【書評】『「なりたい人」になるための41のやり方』(窪田良)
お薦めの本の紹介です。
窪田良さんの『「なりたい人」になるための41のやり方』です。
窪田良(くぼた・りょう)さんは、起業家・会社経営者です。
緑内障原因遺伝子「ミオシリン」の発見者として有名な方です。
2002年に自ら会社を設立、「飲み薬による失明の治療」を目指し、さまざまな眼科治療薬を開発されています。
いざ、「なりたい人になる」旅へ!
窪田さんは、10歳のときに「なりたい人になる旅」に旅立とうと決心します。
そして、「研究者」と「臨床医」という大きな冒険を経て、「バイオベンチャー企業の創業社長」という三度目の冒険にチャレンジ中です。

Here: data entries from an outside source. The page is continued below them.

text \<open>A density on the reals with finite mean m and connected support
  (support read as the set where the density is positive).\<close>
definition density_with_mean :: "(real \<Rightarrow> real) \<Rightarrow> real \<Rightarrow> bool" where
  "density_with_mean f m \<longleftrightarrow> f \<in> borel_measurable borel \<and> (\<forall>v. f v \<ge> 0) \<and>
     integrable lborel f \<and> (\<integral>v. f v \<partial>lborel) = 1 \<and>
     integrable lborel (\<lambda>v. v * f v) \<and> (\<integral>v. v * f v \<partial>lborel) = m \<and>
     is_interval {v. f v > 0}"

definition is_RUM :: "'a set \<Rightarrow> ('a \<Rightarrow> real) \<Rightarrow> ('a \<Rightarrow> 'a \<Rightarrow> real \<Rightarrow> real) \<Rightarrow> bool" where
  "is_RUM X u g \<longleftrightarrow> (\<forall>(x,y) \<in> pairs X.
      density_with_mean (g x y) (u x - u y) \<and> (\<forall>v. g x y v = g y x (- v)))"

definition symmetric_RUM :: "'a set \<Rightarrow> ('a \<Rightarrow> real) \<Rightarrow> ('a \<Rightarrow> 'a \<Rightarrow> real \<Rightarrow> real) \<Rightarrow> bool" where
  "symmetric_RUM X u g \<longleftrightarrow> is_RUM X u g \<and> (\<forall>(x,y) \<in> pairs X. \<forall>\<delta>\<ge>0.
      g x y (u x - u y + \<delta>) = g x y (u x - u y - \<delta>))"

definition rationalizes :: "('a \<times> 'a) set \<Rightarrow> ('a \<Rightarrow> 'a \<Rightarrow> real) \<Rightarrow> ('a \<Rightarrow> real) \<Rightarrow> ('a \<Rightarrow> 'a \<Rightarrow> real \<Rightarrow> real) \<Rightarrow> bool" where
  "rationalizes D p u g \<longleftrightarrow> (\<forall>(x,y) \<in> D. cdf_of (g x y) 0 = p y x)"

definition Rs :: "'a set \<Rightarrow> ('a \<times> 'a) set \<Rightarrow> ('a \<Rightarrow> 'a \<Rightarrow> real) \<Rightarrow> ('a \<times> 'a) set" where
  "Rs X D p = {(x,y). x \<in> X \<and> y \<in> X \<and> (x = y \<or> ((x,y) \<in> D \<and> p x y \<ge> p y x))}"

definition TP :: "('a \<times> 'a) set \<Rightarrow> ('a \<times> 'a) set" where
  "TP R = {(x,y). (x,y) \<in> R\<^sup>+ \<and> (y,x) \<notin> R\<^sup>+}"

end

theory Submission
  imports Defs
begin
lemma Ms_notZ: "i \<in> Ms \<Longrightarrow> i \<notin> {1..a}"
proof
  assume i: "i \<in> Ms" and iA: "i \<in> {1..a}"
  then obtain j k where jk: "Pth i j k \<in> Mon" unfolding has_mon_def by auto
  have "j < k" "k \<le> len i" using Mon_sub[OF jk] by auto
  hence "j = 0" "k = 1" using len_arr[OF iA] by auto
  hence "pt (arr i) \<in> I" using jk unfolding toupie_ideal_def by (intro gen_ideal.gen) auto
  hence "pt (arr i) (arr i) = 0" by (rule I_len) (use arr_P[OF iA] in auto)
  thus False by (simp add: pt_apply)
qed

lemma V_notZ: "i \<in> Vq \<Longrightarrow> i \<notin> {1..a}"
  unfolding qrho_verts_def using len_arr by fastforce
lemma B_notZ: "i \<in> Bs \<Longrightarrow> i \<notin> {1..a}"
  using len_arr by fastforce
lemma V_notM: "i \<in> Vq \<Longrightarrow> i \<notin> Ms" unfolding qrho_verts_def by auto
lemma B_notM: "i \<in> Bs \<Longrightarrow> \<not> has_mon Mon i" unfolding B0w_def by auto
lemma rel_support_Vq: "t < length rho \<Longrightarrow> (rho ! t) j \<noteq> 0 \<Longrightarrow> j \<in> Vq"
  using rel_support[OF nth_mem] unfolding qrho_verts_def by auto

lemma rel_support_edge: "t < length rho \<Longrightarrow> (rho ! t) j \<noteq> 0 \<Longrightarrow> (rho ! t) j' \<noteq> 0 \<Longrightarrow> edge j j'"
  unfolding qrho_edge_def using rel_support_Vq nth_mem by blast

lemma branch_weight_zero: "branch_weight (\<lambda>i. 0) = (\<lambda>r. 0)" by (intro ext) (simp add: branch_weight_def split: qpath.splits)
(* Let $G$ be a bounded measurable function on $[0,a^*]$ with $G\ge4\pi$ a.e., $\beta>0$, $P(a)=aG(a)$, and let $f_1>0$ be an eigenfunction associated with $\kappa=\kappa_1(G,\beta)$. Let $X:=f_1$ and let $Y$ be the absolutely continuous representative of the quasi-derivative $Pf_1'$. If $\kappa<\beta$, then \[|Y(a)|^2-\beta^2a^2|X(a)|^2<0\quad\text{for all }a\in\,]0,a^*[.\]
   Context: $\kappa_1(G,\beta)$ is the lowest eigenvalue of the weak Sturm–Liouville problem $-(Pf')'+\beta^2Qf=\kappa f$ on $]0,a^*[$, $\lim_{a\to0}Pf'=0$, $P(a^* )f'(a^* )=0$, with $P(a)=aG(a)$, $Q(a)=a/G(a)$ (weak sense: $f\in\mathcal F_{4\pi}$, $\int(Pf'\overline{\varphi'}+\beta^2Qf\overline\varphi)=\kappa\int f\overline\varphi$ for all $\varphi\in\mathcal F_{4\pi}$, where $\mathcal F_{4\pi}$ is the set of $f\in L^2(]0,a^*[)$ with $\int_0^{a^*}a|f'|^2<\infty$); equivalently the minimum of $\int(P|f'|^2+\beta^2Q|f|^2)/\int|f|^2$ over $\mathcal F_{4\pi}\setminus\{0\}$. The eigenfunction $f_1$ is locally absolutely continuous on $]0,a^*]$ and $Pf_1'$ is absolutely continuous on $[0,a^*]$. *)

theory Defs
  imports "HOL-Analysis.Analysis"
begin

definition abs_cont_on :: "real set \<Rightarrow> (real \<Rightarrow> real) \<Rightarrow> bool" where
  "abs_cont_on S f \<longleftrightarrow>
     (\<forall>e>0. \<exists>d>0. \<forall>(n::nat) (l::nat \<Rightarrow> real) (r::nat \<Rightarrow> real).
        (\<forall>i<n. l i \<le> r i \<and> {l i..r i} \<subseteq> S) \<and>
        (\<forall>i<n. \<forall>j<n. i \<noteq> j \<longrightarrow> r i \<le> l j \<or> r j \<le> l i) \<and>
        (\<Sum>i<n. r i - l i) < d
        \<longrightarrow> (\<Sum>i<n. \<bar>f (r i) - f (l i)\<bar>) < e)"

definition has_weak_deriv :: "real \<Rightarrow> (real \<Rightarrow> complex) \<Rightarrow> (real \<Rightarrow> complex) \<Rightarrow> bool" where
  "has_weak_deriv as f f' \<longleftrightarrow>
     (\<exists>g. (AE x in lebesgue. x \<in> {0<..<as} \<longrightarrow> f x = g x) \<and>
          (\<forall>x\<in>{0<..<as}. \<forall>y\<in>{0<..<as}. x \<le> y \<longrightarrow>
              set_integrable lebesgue {x..y} f' \<and>
              g y - g x = (LINT t:{x..y}|lebesgue. f' t)))"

CEOを解任されるなど、たしかにアクシデントがなかったわけではないが、正直なところ、楽しいから続けられたというよりも、そのアクシデントも含めて旅のすべてがあまりにも楽しいのでやめられなかった、というほうが実感に近い。
「なりたい人になる旅」は、お菓子の宣伝文句ではないが、「やめられない、とまらない」、本当に楽しいものなのだ。
だって考えてみてほしい。夢に描いた「なりたい人」に自分が日々近づいていくのだ。これが楽しくないはずがない。
江戸幕府を開いた徳川家康は、「人の一生は重き荷を負うて遠き道を行くが如し」といったという。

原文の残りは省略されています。